The conversation involving low volatility exchange traded funds underscores investor bias for domestic large-cap stocks because that conversation is typically dominated by just two funds: the iShares Edge MSCI Min Vol U.S.A. ETF (CBOE:USMV) and the Invesco S&P 500 Low Volatility ETF (NYSE: SPLV).

Year to date, USMV has seen inflows of $12.82 billion, a total surpassed by just one other ETF. SPLV isn't a slouch, having pulled in $2.64 billion in new assets. Bottom line: investors are loving low vol ETFs this year and some market observers are growing concerned the trade is increasingly crowded.

That may be the case and it may affirmed by the fact that SPLV and USMV aren't the only low volatility funds see significant inflows.

Why It's Important

The Invesco S&P MidCap Low Volatility ETF (NYSE: XMLV), the mid-cap counterpart to the aforementioned SPLV, has been a prodigious adder of assets this year. As of Nov. 5, XMLV had $3.59 billion in assets under management, according to issuer data.

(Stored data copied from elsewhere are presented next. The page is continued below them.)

lemma nth_in_set_take_iff:
  assumes "distinct xs" "j < length xs"
  shows "xs ! j \<in> set (take m xs) \<longleftrightarrow> j < m"
proof
  assume "xs ! j \<in> set (take m xs)"
  then obtain i where "i < m" "i < length xs" "xs ! i = xs ! j"
    by (auto simp: in_set_conv_nth)
  with assms show "j < m"
    by (simp add: nth_eq_iff_index_eq)
next
  assume "j < m"
  with assms(2) show "xs ! j \<in> set (take m xs)"
    by (metis in_set_conv_nth length_take min_less_iff_conj nth_take)
qed

lemma take_Suc_nth: "k < length xs \<Longrightarrow> take (Suc k) xs = take k xs @ [xs ! k]"
  by (simp add: take_Suc_conv_app_nth)

text \<open>Each listed vertex has its parent among the roots of \<open>F\<close> or later in the list; this
  is what makes the step adding \<open>vs ! k\<close> to \<open>chain_forest n F vs k\<close> a cover.\<close>
definition parents_not_before :: "forest \<Rightarrow> nat list \<Rightarrow> bool" where
  "parents_not_before F vs \<longleftrightarrow> (\<forall>k < length vs. parent F (vs ! k) \<notin> set (take (Suc k) vs))"

lemma parents_not_before_pos:
  assumes "parents_not_before F vs" "distinct vs" "v \<in> set vs" "parent F v \<in> set vs"
  shows "pos vs v < pos vs (parent F v)"
proof -
  define k where "k = pos vs v"
  have k: "k < length vs" "vs ! k = v"
    using assms(2,3) by (simp_all add: k_def pos_less_length nth_pos)
  have j: "pos vs (parent F v) < length vs" "vs ! pos vs (parent F v) = parent F v"
    using assms(2,4) by (simp_all add: pos_less_length nth_pos)
  have "parent F v \<notin> set (take (Suc k) vs)"
    using assms(1) k unfolding parents_not_before_def by auto
  with j have "\<not> pos vs (parent F v) < Suc k"
    using nth_in_set_take_iff[OF assms(2) j(1)] by simp
  then show ?thesis
    by (simp add: k_def)
qed

lemma chain_forest_simps:
  "edges_of (chain_forest n F vs i) = parent_edges (parent F) (set (take i vs))"
  "roots_of (chain_forest n F vs i) = {1..n} - set (take i vs)"
  by (simp_all add: chain_forest_def edges_of_def roots_of_def parent_edges_def)

text \<open>The edge added at step \<open>k\<close> joins two roots of \<open>chain_forest n F vs k\<close>, so it is not
  one of its parent edges; hence it is \<open>{v, parent F v}\<close> for \<open>v = vs ! k\<close>, and \<open>v\<close> is the
  root that disappears, leaving \<open>parent F v\<close> as a root.\<close>
lemma sf_covers_chain_forest_parent_not_before:
  assumes d: "distinct vs" and k: "k < length vs" and vn: "vs ! k \<in> {1..n}"
    and cov: "sf_covers n (chain_forest n F vs k) (chain_forest n F vs (Suc k))"
  shows "parent F (vs ! k) \<notin> set (take (Suc k) vs)"
proof -
  define v where "v = vs ! k"
  let ?T = "set (take k vs)"
  let ?R = "{1..n} - ?T"
  let ?E = "parent_edges (parent F) ?T"
  have tk: "take (Suc k) vs = take k vs @ [v]"
    using k by (simp add: v_def take_Suc_nth)
  have vR: "v \<in> ?R"
    using nth_in_set_take_iff[OF d k, of k] vn by (simp add: v_def)
  have forests:
    "edges_of (chain_forest n F vs k) = ?E" "roots_of (chain_forest n F vs k) = ?R"
    "edges_of (chain_forest n F vs (Suc k)) = insert {v, parent F v} ?E"
    "roots_of (chain_forest n F vs (Suc k)) = ?R - {v}"
    by (auto simp: chain_forest_simps tk parent_edges_def)
  obtain x y where xy: "x \<in> ?R" "y \<in> ?R" "\<not> connected_in ?E x y"
      "insert {v, parent F v} ?E = insert {x, y} ?E"
      "?R - {v} = ?R - {x} \<or> ?R - {v} = ?R - {y}"
    using cov unfolding sf_covers_def forests by metis
  have "{x, y} \<notin> ?E"
    using xy(1,2) by (simp add: doubleton_not_in_parent_edges)
  with xy(4) have "{x, y} = {v, parent F v}"
    by blast
  moreover have "v = x \<or> v = y" "x \<noteq> y"
    using xy(1,2,3,5) vR connected_in_refl by blast+
  ultimately have "parent F v \<in> ?R - {v}"
    using xy(1,2) by (auto simp: doubleton_eq_iff)
  then show ?thesis
    by (simp add: tk v_def)
qed

lemma root_path_pos_increasing:
  assumes F: "F \<in> SF n" and d: "distinct vs" and sv: "set vs = {1..n} - roots_of F"
    and P: "parents_not_before F vs"
  shows "root_path F v xs \<Longrightarrow> v \<in> set vs \<Longrightarrow> x \<in> set xs \<Longrightarrow> x \<in> set vs \<Longrightarrow> x \<noteq> v \<Longrightarrow>
    pos vs v < pos vs x"
proof (induction xs arbitrary: v)
  case (Cons a xs)
  have vn: "v \<in> {1..n}" "v \<notin> roots_of F" and av: "a = v"
    using Cons.prems(1,2) sv by (auto simp: root_path_def)
  then obtain z rest where xs: "xs = z # rest"
    using Cons.prems(1) by (cases xs) (auto simp: root_path_def)
  with Cons.prems(1) av have z: "z = parent F v"
    using SF_root_path_second_eq_parent[OF F vn] by simp
  have zpath: "is_path (edges_of F) (z # rest)" "last (z # rest) \<in> roots_of F"
    using Cons.prems(1) xs by (auto simp: root_path_def is_path_Cons)
  show ?case
  proof (cases "x = z")
    case True
    with Cons.prems(2,4) z show ?thesis
      using parents_not_before_pos[OF P d] by simp
  next
    case False
    then have "x \<in> set rest"
      using Cons.prems(3,5) xs av by simp
    have "z \<notin> roots_of F"
    proof
      assume "z \<in> roots_of F"
      moreover have "z \<in> {1..n}"
        using SF_parent_edge(3)[OF F vn] z by simp
      ultimately have "last (z # rest) = z"
        using SF_root_unique[OF F _ zpath(2)] connected_in_last[OF zpath(1)] connected_in_refl
        by (metis list.sel(1))
      with \<open>x \<in> set rest\<close> have "z \<in> set rest"
        by (metis last_ConsR last_in_set empty_iff list.set(1))
      with zpath(1) show False
        by (simp add: is_path_Cons)
    qed
    then have "z \<in> set vs"
      using SF_parent_edge(3)[OF F vn] z sv by simp
    then have "pos vs v < pos vs z"
      using parents_not_before_pos[OF P d Cons.prems(2)] z by simp
    also have "pos vs z < pos vs x"
      using Cons.IH[of z] zpath xs \<open>z \<in> set vs\<close> \<open>x \<in> set rest\<close> Cons.prems(4) False
      by (simp add: root_path_def)
    finally show ?thesis .
  qed
qed (simp add: root_path_def)

lemma parents_not_before_imp_linear_extension:
  assumes F: "F \<in> SF n" and d: "distinct vs" and sv: "set vs = {1..n} - roots_of F"
    and P: "parents_not_before F vs"
    and i: "i < length vs" and j: "j < length vs" and de: "descendant F (vs ! i) (vs ! j)"
  shows "i < j"
proof -
  obtain xs where "root_path F (vs ! i) xs" "vs ! j \<in> set xs" "vs ! j \<noteq> vs ! i"
    using de by (auto simp: descendant_def ancestor_def)
  then have "pos vs (vs ! i) < pos vs (vs ! j)"
    using root_path_pos_increasing[OF F d sv P] i j by simp
  with d i j show ?thesis
    by (simp add: pos_nth)
qed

Based on that figure and just over 50 dedicated mid-cap ETFs listed in the U.S., just nine members of that group are larger than XMLV.

It may be a stretch to call XMLV a crowded traded, but data confirm there's been recent enthusiasm for the fund. Over the past 90 days, investors have added $421.55 million to the low vol mid-cap ETF, a total surpassed by just three other Invesco ETFs, including SPLV.

Year to date, XMLV has garnered inflows of $1.40 billion, good for second-best in the Invesco stable behind only SPLV.

What's Next

Although the low volatility trade appears crowded, there are no guarantees it's ending anytime soon. Even it does, that doesn't mean severe repudiation of XMLV.

As it is, XMLV is proving to be a viable alternative to traditional, diversified mid-cap funds. Year to date, the Invesco ETF is up 21.1%, trailing the S&P MidCap 400 Index by 50 basis, but the fund has been 480 basis points less volatile than the mid-cap benchmark, confirming superior risk-adjusted returns.

That may be enough to continue luring investors to XMLV.